- **Exercise**
Transcribe the records word for word, leaving nothing out.

- **Available data**
(* For all integers $n,f,k$ with $1\le f\le n-1$ and $1\le k\le n$, the task $k\text{-TAg}(n+1,f)$ is $C^*$-reducible to $k\text{-TAg}(n,f)$. (The algorithm of the preceding $C^*$-reduction, with $\Pi=\{1,\dots,n+1\}$, $\Pi_i=\Pi\setminus\{i\}$, in which each process $i$ queries the oracles $\mathcal O.k\text{-TAg}(\Pi_l,f)$, $l\ne i$, in order with its initial value and broadcasts each answer, but finally decides $\min_l w_l$ instead of $\max_l w_l$, solves $k\text{-TAg}(\Pi,f)$.)
   Context: Model: a finite set of processes runs an asynchronous algorithm communicating by reliable message passing with unbounded delays and speeds; processes fail only by crashing. Time is $\mathcal T=\mathbb N$; a failure pattern $F$ for $\Pi$ is a nondecreasing map $\mathcal T\to2^\Pi$, $Faulty(F)=\bigcup_tF(t)$. A binary agreement problem $P$ for $\Pi$ maps each $(F,\vec V)$, $\vec V\in\{0,1\}^\Pi$, to a nonempty $P(F,\vec V)\subseteq\{0,1\}$; a task is $T=(P,f)$. An algorithm solves $T$ if in every run with $|Faulty(F)|\le f$ and initial values $\vec V$: every correct process eventually decides, decisions are irrevocable, no two processes decide differently, and decisions lie in $P(F,\vec V)$. $k\text{-TAg}_\Pi(F,\vec V)=\{0\}$ if at least $k$ entries of $\vec V$ are $0$; $=\{1\}$ if $\vec V$ is all-ones and $|Faulty(F)|\le k-1$; $=\{0,1\}$ otherwise; $k\text{-TAg}(\Pi,f)=(k\text{-TAg}_\Pi,f)$; $k\text{-TAg}(n,f)=k\text{-TAg}(\{1,\dots,n\},f)$. Oracles: for $T=(P,f)$ on process set $\Pi'$, $\mathcal O.T$ is a black box with consultants $\Pi'$; its history is a sequence of successive consultations, in each of which every consultant may submit at most one query in $\{0,1\}$ and the oracle returns a common response $d$ with $d\in P(F,\vec V)$ for every $\vec V$ extending the partial query vector (the oracle may use the whole failure pattern, including future crashes), and every correct querier gets the response whenever at least $|\Pi'|-f$ consultants query; $\mathcal O.T$ is the most general such oracle. $C^*$-reduction: $T_1\le_{C^*}T_2$ if there is an algorithm solving $T_1$ whose processes may additionally consult any finite collection of oracles $\mathcal O.T_2^{(j)}$, each $T_2^{(j)}$ being a copy of $T_2$ whose processes are renamed into (a subset of) the processes of $T_1$. *)

theory Defs
  imports Main
begin
(* Let $C\subseteq\mathbb{F}_q^{2n}$ be a symplectic self-orthogonal $\mathbb F_q$-linear code of dimension $n-k$ (so that $Q(C)$ is an $[[n,k]]_q$ stabilizer code), and let $\emptyset\neq I\subsetneq J\subseteq\{1,\dots,n\}$. Assume $\mathrm{swt}(C)\geq|I|+1$. If \[n+k-2|J|+2|I|>0\quad\text{and}\quad \mathrm{gsw}_{\,n+k-2|J|+2|I|}\left(C^{\perp_s}\right)\geq n-|J|+1,\] then $\sigma_I\left[\pi_J\left(C^{\perp_s}\right)\right]\neq\sigma_I(C)$.
   Context: Vectors of $\mathbb{F}_q^{2n}$ are written $(\mathbf a|\mathbf b)$, coordinate pair $(a_j,b_j)$ indexed by $j\in\{1,\dots,n\}$. Symplectic form $(\mathbf a|\mathbf b)\cdot_s(\mathbf c|\mathbf d)=\mathbf a\cdot\mathbf d-\mathbf b\cdot\mathbf c$; $C^{\perp_s}$ its dual; $C$ symplectic self-orthogonal if $C\subseteq C^{\perp_s}$. Symplectic weight of $(\mathbf a|\mathbf b)$: $\#\{j:(a_j,b_j)\ne(0,0)\}$; $\mathrm{swt}(D)$ is the minimum symplectic weight of a nonzero vector of $D$. For $R\subseteq\{1,\dots,n\}$: $\pi_R(\mathbf a|\mathbf b)=(a_j|b_j)_{j\in R}$, puncturing $\pi_R(D)=\{\pi_R(\mathbf y):\mathbf y\in D\}$, shortening $\sigma_R(D)=\{\pi_R(\mathbf y):\mathbf y=(\mathbf a|\mathbf b)\in D,\ \mathrm{supp}(\mathbf a)\cup\mathrm{supp}(\mathbf b)\subseteq R\}$; the shortening at $I$ of a code with coordinate pairs indexed by $J\supseteq I$ is defined the same way. For an $\mathbb F_q$-linear $D\subseteq\mathbb F_q^{2n}$ and $1\le t\le\dim D$, the $t$-th generalized symplectic weight is $\mathrm{gsw}_t(D)=\min\{|R|:R\subseteq\{1,\dots,n\},\ \dim\sigma_R(D)\ge t\}$. *)

theory Defs
  imports Complex_Main "HOL-Library.Function_Algebras" "HOL-Library.Product_Plus"
begin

- **Answer box**
(* For all integers $n,f,k$ with $1\le f\le n-1$ and $1\le k\le n$, the task $k\text{-TAg}(n+1,f)$ is $C^*$-reducible to $k\text{-TAg}(n,f)$. (The algorithm of the preceding $C^*$-reduction, with $\Pi=\{1,\dots,n+1\}$, $\Pi_i=\Pi\setminus\{i\}$, in which each process $i$ queries the oracles $\mathcal O.k\text{-TAg}(\Pi_l,f)$, $l\ne i$, in order with its initial value and broadcasts each answer, but finally decides $\min_l w_l$ instead of $\max_l w_l$, solves $k\text{-TAg}(\Pi,f)$.)
   Context: Model: a finite set of processes runs an asynchronous algorithm communicating by reliable message passing with unbounded delays and speeds; processes fail only by crashing. Time is $\mathcal T=\mathbb N$; a failure pattern $F$ for $\Pi$ is a nondecreasing map $\mathcal T\to2^\Pi$, $Faulty(F)=\bigcup_tF(t)$. A binary agreement problem $P$ for $\Pi$ maps each $(F,\vec V)$, $\vec V\in\{0,1\}^\Pi$, to a nonempty $P(F,\vec V)\subseteq\{0,1\}$; a task is $T=(P,f)$. An algorithm solves $T$ if in every run with $|Faulty(F)|\le f$ and initial values $\vec V$: every correct process eventually decides, decisions are irrevocable, no two processes decide differently, and decisions lie in $P(F,\vec V)$. $k\text{-TAg}_\Pi(F,\vec V)=\{0\}$ if at least $k$ entries of $\vec V$ are $0$; $=\{1\}$ if $\vec V$ is all-ones and $|Faulty(F)|\le k-1$; $=\{0,1\}$ otherwise; $k\text{-TAg}(\Pi,f)=(k\text{-TAg}_\Pi,f)$; $k\text{-TAg}(n,f)=k\text{-TAg}(\{1,\dots,n\},f)$. Oracles: for $T=(P,f)$ on process set $\Pi'$, $\mathcal O.T$ is a black box with consultants $\Pi'$; its history is a sequence of successive consultations, in each of which every consultant may submit at most one query in $\{0,1\}$ and the oracle returns a common response $d$ with $d\in P(F,\vec V)$ for every $\vec V$ extending the partial query vector (the oracle may use the whole failure pattern, including future crashes), and every correct querier gets the response whenever at least $|\Pi'|-f$ consultants query; $\mathcal O.T$ is the most general such oracle. $C^*$-reduction: $T_1\le_{C^*}T_2$ if there is an algorithm solving $T_1$ whose processes may additionally consult any finite collection of oracles $\mathcal O.T_2^{(j)}$, each $T_2^{(j)}$ being a copy of $T_2$ whose processes are renamed into (a subset of) the processes of $T_1$. *)

theory Defs
  imports Main
begin
(* Let $C\subseteq\mathbb{F}_q^{2n}$ be a symplectic self-orthogonal $\mathbb F_q$-linear code of dimension $n-k$ (so that $Q(C)$ is an $[[n,k]]_q$ stabilizer code), and let $\emptyset\neq I\subsetneq J\subseteq\{1,\dots,n\}$. Assume $\mathrm{swt}(C)\geq|I|+1$. If \[n+k-2|J|+2|I|>0\quad\text{and}\quad \mathrm{gsw}_{\,n+k-2|J|+2|I|}\left(C^{\perp_s}\right)\geq n-|J|+1,\] then $\sigma_I\left[\pi_J\left(C^{\perp_s}\right)\right]\neq\sigma_I(C)$.
   Context: Vectors of $\mathbb{F}_q^{2n}$ are written $(\mathbf a|\mathbf b)$, coordinate pair $(a_j,b_j)$ indexed by $j\in\{1,\dots,n\}$. Symplectic form $(\mathbf a|\mathbf b)\cdot_s(\mathbf c|\mathbf d)=\mathbf a\cdot\mathbf d-\mathbf b\cdot\mathbf c$; $C^{\perp_s}$ its dual; $C$ symplectic self-orthogonal if $C\subseteq C^{\perp_s}$. Symplectic weight of $(\mathbf a|\mathbf b)$: $\#\{j:(a_j,b_j)\ne(0,0)\}$; $\mathrm{swt}(D)$ is the minimum symplectic weight of a nonzero vector of $D$. For $R\subseteq\{1,\dots,n\}$: $\pi_R(\mathbf a|\mathbf b)=(a_j|b_j)_{j\in R}$, puncturing $\pi_R(D)=\{\pi_R(\mathbf y):\mathbf y\in D\}$, shortening $\sigma_R(D)=\{\pi_R(\mathbf y):\mathbf y=(\mathbf a|\mathbf b)\in D,\ \mathrm{supp}(\mathbf a)\cup\mathrm{supp}(\mathbf b)\subseteq R\}$; the shortening at $I$ of a code with coordinate pairs indexed by $J\supseteq I$ is defined the same way. For an $\mathbb F_q$-linear $D\subseteq\mathbb F_q^{2n}$ and $1\le t\le\dim D$, the $t$-th generalized symplectic weight is $\mathrm{gsw}_t(D)=\min\{|R|:R\subseteq\{1,\dots,n\},\ \dim\sigma_R(D)\ge t\}$. *)

theory Defs
  imports Complex_Main "HOL-Library.Function_Algebras" "HOL-Library.Product_Plus"
begin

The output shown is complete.